FIG. 9 shows the data structures used in file maintenance.
FIG. 10 illustrates the internal directory structure with forward and
reverse links.
FIG. 11 illustrates the internal file structure where files are associated
with a directory by linking the FileName program object to the Directory
program object. Also illustrated is the linking of FileBlock program
objects with the FileName program object.
FIG. 12 illustrates how FileBlock program objects relate to MemBlock
program objects.
FIG. 13 shows the links found in a simplified view of the file system
wherein only the root directory has any associated files and only one
other directory has child directories.
FIG. 14 is a pseudo code example of a function used to create a new
FileBlock program object.
FIG. 15 is a pseudo code example of a function used to free a FileBlock
program object. Note that in this case, free is not a state but a removal.
FIG. 16 illustrates how the file system will automatically perform leading
edge file system optimization.
FIG. 17 illustrates how the file system will automatically perform trailing
edge file system optimization.
FIG. 18 is a pseudo code example of a function used to write information to
the memory space associated with a single MemBlock program object. The
function implements both leading and trailing edge file system
optimization. The function is an internal lower-level function and is not
available to application programmers.
FIG. 19 is a pseudo code example of a function used to write a file to the
data port. This is the function that will be used by application
programmers to store files on the data port. The function implements a
portion of the automatic optimization process.

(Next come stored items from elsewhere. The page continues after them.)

lemma poly_perturbed_coeffs_error:
  fixes p :: "real poly"
  assumes "\<And>i. i \<le> degree p \<Longrightarrow> \<bar>c i - coeff p i\<bar> \<le> E" "\<bar>t\<bar> \<le> R" "1 \<le> R"
  shows "\<bar>(\<Sum>i\<le>degree p. c i * t ^ i) - poly p t\<bar> \<le> (real (degree p) + 1) * R ^ degree p * E"
proof -
  have "\<bar>(\<Sum>i\<le>degree p. c i * t ^ i) - poly p t\<bar> = \<bar>\<Sum>i\<le>degree p. (c i - coeff p i) * t ^ i\<bar>"
    by (simp add: poly_altdef sum_subtractf algebra_simps)
  also have "\<dots> \<le> (\<Sum>i\<le>degree p. \<bar>(c i - coeff p i) * t ^ i\<bar>)"
    by (rule sum_abs)
  also have "\<dots> \<le> (\<Sum>i\<le>degree p. E * R ^ degree p)"
  proof (rule sum_mono)
    fix i assume "i \<in> {..degree p}"
    have "\<bar>t\<bar> ^ i \<le> R ^ i" using assms(2) by (intro power_mono) auto
    also have "\<dots> \<le> R ^ degree p"
      using \<open>i \<in> {..degree p}\<close> assms(3) by (intro power_increasing) auto
    finally show "\<bar>(c i - coeff p i) * t ^ i\<bar> \<le> E * R ^ degree p"
      using assms(1) \<open>i \<in> {..degree p}\<close> by (simp add: abs_mult power_abs mult_mono')
  qed
  finally show ?thesis by (simp add: algebra_simps)
qed

lemma grid_offset_bounds:
  fixes \<delta> :: real
  assumes "j \<le> x + 1" "0 \<le> \<delta>"
  shows "0 \<le> real j * \<delta> / (real x + 1)" "real j * \<delta> / (real x + 1) \<le> \<delta>"
proof -
  have "real j * \<delta> \<le> (real x + 1) * \<delta>"
    using assms by (intro mult_right_mono) auto
  then show "real j * \<delta> / (real x + 1) \<le> \<delta>" by (simp add: field_simps)
qed (use assms in simp)
(* For a ternary cubic form $f$ the following are equivalent: (1) $\Delta=0$ and $F_{6u}\neq0$; (2) $f=a_0a_x^3+b_0b_x^3$ for some nonzero $a_0,b_0\in\mathbb C$ and linear forms $a_x,b_x$ with $\{a_x,b_x\}$ linearly independent; (3) $f=a_xb_xc_x$ for linear forms $a_x,b_x,c_x$ such that $\{a_x,b_x,c_x\}$ is linearly dependent but each pair from it is linearly independent.
   Context: Forms are homogeneous polynomials with complex coefficients in $x=(x_1,x_2,x_3)$; $u=(u_1,u_2,u_3)$ are indeterminates and $u_x=\sum u_ix_i$. The $n$-th transvectant is $J^n[f,g,h]=\big(\Omega^n(f(x)g(y)h(z))\big)|_{y=z=x}$, where $\Omega$ is the determinant of the operator matrix with rows $(\partial/\partial x_i)$, $(\partial/\partial y_i)$, $(\partial/\partial z_i)$, and $u$ is treated as constant. For a ternary cubic $f$: - $\Delta=\tfrac1{12}J^2[f,f,f]$ (the Hessian); - $\theta=\tfrac14J^2[f,f,u_x^2]$; - $F_{6u}=\tfrac1{3072}J^2[\theta,\theta,u_x^2]$ (a polynomial in $u$; "$F_{6u}\ne0$" means it is not the zero polynomial). *)

theory Defs
  imports Complex_Main "HOL-Analysis.Finite_Cartesian_Product" "HOL-Analysis.Derivative" "HOL-Combinatorics.Permutations"
begin

text \<open>Ternary forms are represented as polynomial functions on complex 3-space
  (equivalent to polynomials since the field is infinite).\<close>

type_synonym form = "complex^3 \<Rightarrow> complex"

definition ternary_cubic :: "form \<Rightarrow> bool" where
  "ternary_cubic f \<longleftrightarrow> (\<exists>c :: nat \<Rightarrow> nat \<Rightarrow> complex.
     \<forall>x. f x = (\<Sum>i\<le>3. \<Sum>j\<le>3 - i. c i j * (x$1)^i * (x$2)^j * (x$3)^(3 - i - j)))"

definition lin :: "complex^3 \<Rightarrow> complex^3 \<Rightarrow> complex" where
  "lin a x = (\<Sum>i\<in>UNIV. a$i * x$i)"

definition pd :: "3 \<Rightarrow> form \<Rightarrow> form" where
  "pd i f x = deriv (\<lambda>t. f (\<chi> j. if j = i then t else x$j)) (x$i)"

fun pds :: "3 list \<Rightarrow> form \<Rightarrow> form" where
  "pds [] f = f"
| "pds (i # is) f = pd i (pds is f)"

text \<open>n-th transvectant: Omega = sum over permutations s of sign s *
  d/dx_{s 1} d/dy_{s 2} d/dz_{s 3}; Omega^n applied to f(x)g(y)h(z),
  then y = z = x.\<close>
definition J :: "nat \<Rightarrow> form \<Rightarrow> form \<Rightarrow> form \<Rightarrow> form" where
  "J n f g h x = (\<Sum>ss\<in>Pi\<^sub>E {..<n} (\<lambda>_. {s::3\<Rightarrow>3. s permutes UNIV}).
      (\<Prod>k<n. of_int (sign (ss k))) *
      pds (map (\<lambda>k. ss k 1) [0..<n]) f x *
      pds (map (\<lambda>k. ss k 2) [0..<n]) g x *
      pds (map (\<lambda>k. ss k 3) [0..<n]) h x)"

definition Hessian :: "form \<Rightarrow> form" where
  "Hessian f = (\<lambda>x. J 2 f f f x / 12)"

definition theta :: "form \<Rightarrow> complex^3 \<Rightarrow> form" where
  "theta f u = (\<lambda>x. J 2 f f (\<lambda>y. (lin u y)^2) x / 4)"

text \<open>F_{6u}, as a function of u (and formally x, on which it does not depend).\<close>
definition F6u :: "form \<Rightarrow> complex^3 \<Rightarrow> form" where
  "F6u f u = (\<lambda>x. J 2 (theta f u) (theta f u) (\<lambda>y. (lin u y)^2) x / 3072)"

definition lin_indep2 :: "complex^3 \<Rightarrow> complex^3 \<Rightarrow> bool" where
  "lin_indep2 a b \<longleftrightarrow> (\<forall>\<alpha> \<beta>. (\<forall>x. \<alpha> * lin a x + \<beta> * lin b x = 0) \<longrightarrow> \<alpha> = 0 \<and> \<beta> = 0)"

definition lin_dep3 :: "complex^3 \<Rightarrow> complex^3 \<Rightarrow> complex^3 \<Rightarrow> bool" where
  "lin_dep3 a b c \<longleftrightarrow> (\<exists>\<alpha> \<beta> \<gamma>. (\<alpha>, \<beta>, \<gamma>) \<noteq> (0, 0, 0) \<and>
      (\<forall>x. \<alpha> * lin a x + \<beta> * lin b x + \<gamma> * lin c x = 0))"

end

theory Submission
  imports Defs "HOL-Analysis.Determinants" "HOL-Computational_Algebra.Fundamental_Theorem_Algebra"
begin

(* Write f x = T(x,x,x) with T a symmetric trilinear form. The Hessian matrix of f at x is
   6 T(x,-,-), and J^2[f,g,h] is the full polarisation of 6 det evaluated on the Hessian
   matrices of f, g, h.
   If f = g0 a^3 + g1 a^2 b + g2 a b^2 + g3 b^3 with a, b independent, every T(x,-,-) lies in
   the span of a a', a b' + b a', b b', on which the polarised determinant vanishes; hence
   Delta = 0, and a direct computation gives F_6u = det(a,b,u)^6 disc(g)/16.
   Conversely, if Delta = 0, pick p with f p \<noteq> 0 and adapt coordinates to p: the vanishing of
   det T(w,-,-) for all w forces f = c z^3 + 3 l z n^2 + g n^3 for linear forms z, n, and
   F_6u \<noteq> 0 says that this binary cubic has nonzero discriminant, so it splits into three
   pairwise independent linear factors, all in the span of z and n.
   Finally, (2) and (3) are exchanged by a^3 + b^3 = (a + b)(a + w b)(a + w^2 b) and
   (X - w Y)^3 - (X - w^2 Y)^3 = 3 (w^2 - w) X Y (X + Y) for a primitive cube root of unity w. *)

section \<open>The second transvectant as a polarised determinant\<close>

definition alt3 :: "(3 \<Rightarrow> 3 \<Rightarrow> 3 \<Rightarrow> 'a::comm_ring_1) \<Rightarrow> 'a" where
  "alt3 g = g 1 2 3 + g 2 3 1 + g 3 1 2 - g 1 3 2 - g 2 1 3 - g 3 2 1"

FIG. 20 shows an example of how the boot record and file system header
would be mapped to data port memory.
FIG. 21 illustrates the two parts of the file system header. The first part
is for MemBlock program objects and the second for FileBlock program
objects that represent the entire file system structure.
FIG. 22 is a table of some high-level file system functions categorized by
class of function.
FIG. 23 is a pseudo code listing of the create file function as it would be
implemented using an example.
FIG. 24 illustrates the relationship between the free and optional used
lists composed of MemList program objects and the multiply linked list of
MemBlocks.
FIG. 25 is a pseudo code listing of a program used to generate the free and
optional used lists.
FIG. 26 illustrates the free and used lists implemented using MemBlock data
structures and how those structures relate to the double linked list of
MemBlocks.
FIG. 27 illustrates the division of labor when data port local intelligence
is used to maintain the low level file system information. The operating
system need only maintain an abbreviated copy of the file system
information with index values that are interpreted by data port
intelligence.
DETAILED DESCRIPTION OF THE PREFERRED EMBODIMENT
For convenience sake, let us equate a memory subsystem's data paragraph to
a disk sector and let us assume that a data paragraph contains eight bytes
of data. Using this definition, the memory subsystem could be said to have
an eight byte sector. If a sector size of 8 bytes and is compared to a 512
byte sector in storing a file of 518 bytes, the device with a 512 byte
sector will waste 506 bytes of the second sector while the invention with
an 8 byte sector will waste 6 bytes of the 65th sector as illustrated in
FIG. 1. Note also that many more file lengths will be a multiple of 8 than
of 512. Because the invention uses very small data paragraphs, less
physical media is unused by the operating system.
Memory Maintenance
Memory subsystem block status and use are controlled and indicated by using
a MemBlock data structure as illustrated in FIG. 2. 16 bit unsigned
integers (Ulnt 16) are used to indicate page and offset information. If we
assume that the memory subsystem uses an eight byte data paragraph and
that a page consists of 65,536 (64 KB) data paragraphs, then a single page
represents 524,288 bytes of storage (512 KB). 65,536 available pages
provides the invention the ability to construct a 32 GB (34,359,738,368
bytes) file system. If 32 bit unsigned integers are used to indicate page
and offset information, then a page would consist of 4,294,967,296
paragraphs which could store 34,359,738,368 bytes (32 GB). Because there
are 4,294,967,296 (4 G) pages, the file system would be able to address
147,573,952,583,676,412,928 bytes (147,573,952 TB or 147,473,952,583 GB).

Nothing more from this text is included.